As a freelancer or self-employed individual, it can feel a little lonely when you’re applying for a home loan. After all, these processes were designed to serve the majority of the local populace – and to date, 92% of the workforce still have traditional office jobs.
The good news is that the self-employed population has since grown to a size of 200,000 and is increasing every year. As a result, more housing policies now include the interests of freelancers and self-employed folks.
That makes this an opportune time to share with you the latest considerations and how to secure a larger housing loan if you’re a freelancer or self-employed.
Here’s what you’ll learn:
As long as you work for yourself and aren’t employed by a company, you’re considered as self-employed.
Common examples include insurance agents, real estate agents, tuition teachers, freelancers, and so on.
Money talks. Your income is how the relevant authorities evaluate the amount they can give you. As a freelancer/self-employed individual, your income can vary depending on your business. Banks/HDB may feel uneasy unless they know that you can pay them back. For this reason, they require more concrete evidence that justifies your income over time. This brings us to point 2.
Many freelancers skip their CPF contributions to retain more spending income. In the long run, this can hinder family planning if you fail to obtain a larger housing loan.
You should have a record of CPF contributions for at least the past 2 years, or your latest IRAS Notice of Assessment. Tax filings are good support documents to support your loan applications.

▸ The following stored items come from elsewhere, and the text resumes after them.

lemma norm_stft_le_shift:
  assumes g: "square_integrable g" and y: "y \<noteq> 0" and a: "a > 0"
  shows "2 * cmod (stft g g x y)
    \<le> a * (LINT t|lborel. (cmod (g (t + 1 / (2 * y)) - g t))\<^sup>2) + (LINT t|lborel. (cmod (g t))\<^sup>2) / a"
proof -
  define \<delta> where "\<delta> = 1 / (2 * y)"
  define T where "T = (LINT t|lborel. (cmod (g (t + \<delta>) - g t))\<^sup>2)"
  define E where "E = (LINT t|lborel. (cmod (g t))\<^sup>2)"
  define \<phi> where "\<phi> t = g t * cnj (g (t - x))" for t
  define e where "e t = e2pi (- (y * t))" for t
  have gx: "square_integrable (\<lambda>t. g (t + - x))" by (rule square_integrable_shift[OF g])
  have gd: "square_integrable (\<lambda>t. g (t + \<delta>))" by (rule square_integrable_shift[OF g])
  have gxd: "square_integrable (\<lambda>t. g (t + \<delta> + - x))" by (rule square_integrable_shift[OF gx])
  have i\<phi>: "integrable lborel \<phi>" unfolding \<phi>_def using integrable_mult_cnj[OF g gx] by simp
  have twice: "2 * stft g g x y = (LINT t|lborel. (\<phi> t - \<phi> (t + \<delta>)) * e t)"
    using double_stft_eq_shift_difference[OF g y, of x] by (simp add: \<phi>_def[abs_def] \<delta>_def e_def)
  have "2 * cmod (stft g g x y) = cmod (LINT t|lborel. (\<phi> t - \<phi> (t + \<delta>)) * e t)"
    by (simp add: norm_mult flip: twice)
  also have "\<dots> \<le> (LINT t|lborel. norm ((\<phi> t - \<phi> (t + \<delta>)) * e t))"
    by (rule integral_norm_bound)
  also have "\<dots> = (LINT t|lborel. cmod (\<phi> t - \<phi> (t + \<delta>)))"
    by (simp add: norm_mult e_def)
  also have "\<dots> \<le> (LINT t|lborel. cmod (g t - g (t + \<delta>)) * cmod (g (t + - x))
                 + cmod (g (t + - x) - g (t + \<delta> + - x)) * cmod (g (t + \<delta>)))"
  proof (rule integral_mono)
    show "integrable lborel (\<lambda>t. cmod (\<phi> t - \<phi> (t + \<delta>)))"
      using i\<phi> lborel_integrable_shift_iff[of \<phi> \<delta>] by simp
    show "integrable lborel (\<lambda>t. cmod (g t - g (t + \<delta>)) * cmod (g (t + - x))
                 + cmod (g (t + - x) - g (t + \<delta> + - x)) * cmod (g (t + \<delta>)))"
      using integrable_norm_mult[OF square_integrable_diff[OF g gd] gx]
        integrable_norm_mult[OF square_integrable_diff[OF gx gxd] gd] by simp
    fix t
    have "\<phi> t - \<phi> (t + \<delta>) = (g t - g (t + \<delta>)) * cnj (g (t - x))
        + g (t + \<delta>) * cnj (g (t - x) - g (t + \<delta> - x))"
      by (simp add: \<phi>_def algebra_simps)
    thus "cmod (\<phi> t - \<phi> (t + \<delta>)) \<le> cmod (g t - g (t + \<delta>)) * cmod (g (t + - x))
                 + cmod (g (t + - x) - g (t + \<delta> + - x)) * cmod (g (t + \<delta>))"
      using norm_triangle_ineq[of "(g t - g (t + \<delta>)) * cnj (g (t - x))"
          "g (t + \<delta>) * cnj (g (t - x) - g (t + \<delta> - x))"]
      by (simp add: norm_mult mult.commute complex_mod_cnj flip: complex_cnj_diff)
  qed
  also have "\<dots> = (LINT t|lborel. cmod (g t - g (t + \<delta>)) * cmod (g (t + - x)))
                 + (LINT t|lborel. cmod (g (t + - x) - g (t + \<delta> + - x)) * cmod (g (t + \<delta>)))"
    using integrable_norm_mult[OF square_integrable_diff[OF g gd] gx]
      integrable_norm_mult[OF square_integrable_diff[OF gx gxd] gd] by simp
  also have "\<dots> \<le> (a * T + E / a) / 2 + (a * T + E / a) / 2"
  proof (rule add_mono)
    have "(LINT t|lborel. (cmod (g t - g (t + \<delta>)))\<^sup>2) = T"
      unfolding T_def by (simp add: norm_minus_commute)
    thus "(LINT t|lborel. cmod (g t - g (t + \<delta>)) * cmod (g (t + - x))) \<le> (a * T + E / a) / 2"
      using integral_norm_mult_le_weighted[OF square_integrable_diff[OF g gd] gx a]
        L2_norm_shift[of g "- x"] by (simp add: E_def)
    have "(LINT t|lborel. (cmod (g (t + - x) - g (t + \<delta> + - x)))\<^sup>2) = T"
      using lborel_integral_shift[of "\<lambda>t. (cmod (g t - g (t + \<delta>)))\<^sup>2" "- x"]
      by (simp add: T_def norm_minus_commute algebra_simps)
    thus "(LINT t|lborel. cmod (g (t + - x) - g (t + \<delta> + - x)) * cmod (g (t + \<delta>))) \<le> (a * T + E / a) / 2"
      using integral_norm_mult_le_weighted[OF square_integrable_diff[OF gx gxd] gd a]
        L2_norm_shift[of g \<delta>] by (simp add: E_def)
  qed
  finally show ?thesis by (simp add: T_def E_def \<delta>_def)
qed
lemma pinv_gram_0:
  defines "a \<equiv> psi_inner 0 0" and "c \<equiv> chi_inner 0 0"
  shows "pinv (gram 0) =
    vector [vector [1/(4*a), 1/(4*a), 0, 0], vector [1/(4*a), 1/(4*a), 0, 0],
            vector [0, 0, 1/(4*c), -1/(4*c)], vector [0, 0, -1/(4*c), 1/(4*c)]]"
proof -
  have "a \<noteq> 0" "c \<noteq> 0"
    unfolding a_def c_def using psi_inner_self_pos chi_inner_self_pos by (metis less_irrefl)+
  then show ?thesis
    unfolding gram_0 a_def[symmetric] c_def[symmetric]
    by (intro pinv_eqI)
      (simp_all add: vec_eq_iff forall_4 matrix_matrix_mult_def sum_4 transpose_def field_simps)
qed

lemma eta_bar_0: "eta_bar 0 = vector [0, 0, 1, -1]"
proof -
  have "gvec 0 = gram 0 *v qvec"
    by (rule gvec_eq_gram_qvec) simp_all
  moreover have "chi_inner 0 0 \<noteq> 0"
    using chi_inner_self_pos by (metis less_irrefl)
  ultimately show ?thesis
    unfolding eta_bar_def pinv_gram_0
    by (simp add: gram_0 vec_eq_iff forall_4 matrix_vector_mult_def sum_4 field_simps)
qed

lemma null_proj_gram_0: "null_proj (gram 0) (\<mu> *\<^sub>R qvec) = \<mu> *\<^sub>R vector [1, -1, 0, 0]"
proof (rule null_proj_eqI)
  show "gram 0 *v (\<mu> *\<^sub>R vector [1, -1, 0, 0]) = 0"
    by (simp add: gram_0 vec_eq_iff forall_4 matrix_vector_mult_def sum_4)
next
  fix w :: "real^4"
  assume "gram 0 *v w = 0"
  then have "(gram 0 *v w) $ 3 = 0"
    by simp
  then have "chi_inner 0 0 * (w$3 - w$4) = 0"
    by (simp add: gram_mult_vec algebra_simps)
  then have "w$3 = w$4"
    using chi_inner_self_pos[of 0] by simp
  then show "(\<mu> *\<^sub>R qvec - \<mu> *\<^sub>R vector [1, -1, 0, 0]) \<bullet> w = 0"
    by (simp add: inner_vec_def sum_4 algebra_simps)
qed

lemma dfo_velocity_theta_star:
  assumes "t = 2 \<Longrightarrow> lam * \<mu> = 1"
  shows "eta_bar (theta_star t) + lam *\<^sub>R null_proj (gram (theta_star t)) (\<mu> *\<^sub>R qvec) = qvec"
proof (cases "t = 2")
  case True
  then show ?thesis
    using assms by (simp add: theta_star_2 eta_bar_0 null_proj_gram_0 vec_eq_iff forall_4)
next
  case False
  then show ?thesis
    by (simp add: eta_bar_theta_star null_proj_gram_theta_star)
qed

lemma has_integral_exp_decay:
  fixes \<tau> t :: real
  assumes "\<tau> > 0" "t \<ge> 0"
  shows "((\<lambda>s. exp (- s / \<tau>)) has_integral \<tau> * (1 - exp (- t / \<tau>))) {0..t}"
proof -
  have "((\<lambda>s. exp (- s / \<tau>)) has_integral (- \<tau> * exp (- t / \<tau>)) - (- \<tau> * exp (- 0 / \<tau>))) {0..t}"
    using assms
    by (intro fundamental_theorem_of_calculus)
      (auto intro!: derivative_eq_intros simp flip: has_real_derivative_iff_has_vector_derivative)
  then show ?thesis
    by (simp add: algebra_simps)
qed

lemma onsager_theta_star:
  fixes \<tau> t :: real
  assumes "\<tau> > 0" "t \<ge> 0"
  shows "((\<lambda>s. eta_bar (theta_star s) - (1 - exp (- s / \<tau>)) *\<^sub>R qvec)
           has_integral \<tau> *\<^sub>R (1 - exp (- t / \<tau>)) *\<^sub>R qvec) {0..t}"
proof (rule has_integral_spike[where S="{2}"])
  show "eta_bar (theta_star s) - (1 - exp (- s / \<tau>)) *\<^sub>R qvec = exp (- s / \<tau>) *\<^sub>R qvec"
    if "s \<in> {0..t} - {2}" for s
    using that eta_bar_theta_star[of s] by (simp add: algebra_simps)
  show "((\<lambda>s. exp (- s / \<tau>) *\<^sub>R qvec) has_integral \<tau> *\<^sub>R (1 - exp (- t / \<tau>)) *\<^sub>R qvec) {0..t}"
    using has_integral_scaleR_left[OF has_integral_exp_decay[OF assms], of qvec] by simp
qed simp

lemma uhat_theta_star_exact:
  "fst (uhat (theta_star t) x) = u_exact t x"
  "((\<lambda>s. u_exact s x) has_real_derivative snd (uhat (theta_star t) x)) (at t within S)"
proof -
  show "fst (uhat (theta_star t) x) = u_exact t x"
    by (simp add: uhat_def uhat1_def u_exact_def phi_def algebra_simps)
  show "((\<lambda>s. u_exact s x) has_real_derivative snd (uhat (theta_star t) x)) (at t within S)"
    unfolding u_exact_def
    by (rule derivative_eq_intros refl)+ (simp add: uhat_def uhat2_def dmu_phi_eq algebra_simps)
qed

theorem propositionA1:
  fixes \<tau> :: real
  assumes "\<tau> > 0"
  defines "lam \<equiv> 1 / (1 - exp (-2 / \<tau>))"
  shows "(\<exists>m :: real \<Rightarrow> real^4.
            m 0 = 0 \<and>
            (\<forall>t\<ge>0. ((\<lambda>s. eta_bar (theta_star s) - m s) has_integral (\<tau> *\<^sub>R m t)) {0..t}) \<and>
            (\<forall>t\<ge>0. (theta_star has_vector_derivative
                       (eta_bar (theta_star t) + lam *\<^sub>R null_proj (gram (theta_star t)) (m t)))
                     (at t within {0..})) \<and>
            (\<forall>t. 0 \<le> t \<and> t < 2 \<longrightarrow> m t = (1 - exp (- t / \<tau>)) *\<^sub>R qvec) \<and>
            m 2 = (1 - exp (-2 / \<tau>)) *\<^sub>R qvec)
       \<and> (\<forall>t\<ge>0. \<forall>x. fst (uhat (theta_star t) x) = u_exact t x \<and>
                    ((\<lambda>s. u_exact s x) has_real_derivative snd (uhat (theta_star t) x))
                      (at t within {0..}))"
proof -
  define m :: "real \<Rightarrow> real^4" where "m t = (1 - exp (- t / \<tau>)) *\<^sub>R qvec" for t
  have velocity: "eta_bar (theta_star t) + lam *\<^sub>R null_proj (gram (theta_star t)) (m t) = qvec" for t
    unfolding m_def using assms(1) by (intro dfo_velocity_theta_star) (simp add: lam_def)
  have onsager: "((\<lambda>s. eta_bar (theta_star s) - m s) has_integral \<tau> *\<^sub>R m t) {0..t}" if "t \<ge> 0" for t
    unfolding m_def using onsager_theta_star[OF assms(1) that] by simp
  show ?thesis
    using velocity onsager theta_star_has_vector_derivative uhat_theta_star_exact
    by (intro conjI exI[of _ m]) (auto simp: m_def)
qed

end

Stable employment means a steady income stream. It’s vital for those freelancing or self-employed to note this. To justify your loan applications, you must provide evidence to show that you’ve been working consistently for the past 2 years. Other forms of verification can be through your bank statements from the past 6 months.
This is applicable if you’re getting a bank loan. Based on how well you’ve managed your credit in the past, banks determine your creditworthiness for the future. As home loans generally come with long-term tenure, credit score is a huge deciding factor.
To determine your credit score, banks look at the frequency of defaults or late payments. That means if you’re self-employed, it’s best to pay your bills punctually even when you’re low on income!
And on a more obvious (and grim) note, if you’ve ever declared bankruptcy, this puts a major dent in your credit score.
TDSR determines the maximum amount you can borrow. To ensure that you don’t overextend yourself, TDSR takes into account the repayments of all your existing credit expenses (e.g. car loan, study loan, credit card debts, etc.). Your total credit expenses should not exceed 60% of your monthly salary.
The conditions are even more stringent when you apply for a home loan on freelance income. Financial institutions generally assume your income is unstable, so they’ll reduce your stated monthly income by 30% when calculating your TDSR. (Read also: 3 Easy Keys to Deciding Between HDB vs Bank Loan)
Sally is a regular civil servant who earns $9000 a month. She is currently servicing her car loan and credit card expenses. She is considering applying for a loan to finance her new home with a monthly repayment of $1500.
As Sally’s TDSR is less than the stipulated 60%, she would’ve gotten her loan approved.
Sally’s close friend, Nelly, is a freelance designer who similarly earns an average of $9000 per month. She has similar expenses compared to Sally and is currently considering taking up a home loan to buy a condo.
Unfortunately, as a freelancer, only 70% of Nelly’s $9,000 monthly income will be considered in the loan application. After factoring in her current loan obligations, a $1,500 home loan repayment would put her loans at 71.5% of her monthly income — way above the 60% TDSR limit. The bank rejects her loan application.
There are three main ways around it:
The MSR applies to those taking a loan to purchase an HDB flat or Executive Condo (EC). MSR limits your home loan repayments to 30% of your monthly income. Once again, there is a 30% reduction in your monthly salary if you’re self-employed.
Nelly decides to buy an HDB flat instead and is subjected to the MSR.
As Nelly’s MSR is lower than the regulated 30%, she can get her loan approved if it’s solely based on the MSR.
A year before applying for loans, you can take on more jobs (and therefore earn more income). The income value used for the loan calculations will be based on the higher amount you’ve earned for that whole year (as evidenced in your bank or CPF statements). After you’ve successfully secured a larger home loan, you can go back to working at your own preferred pace.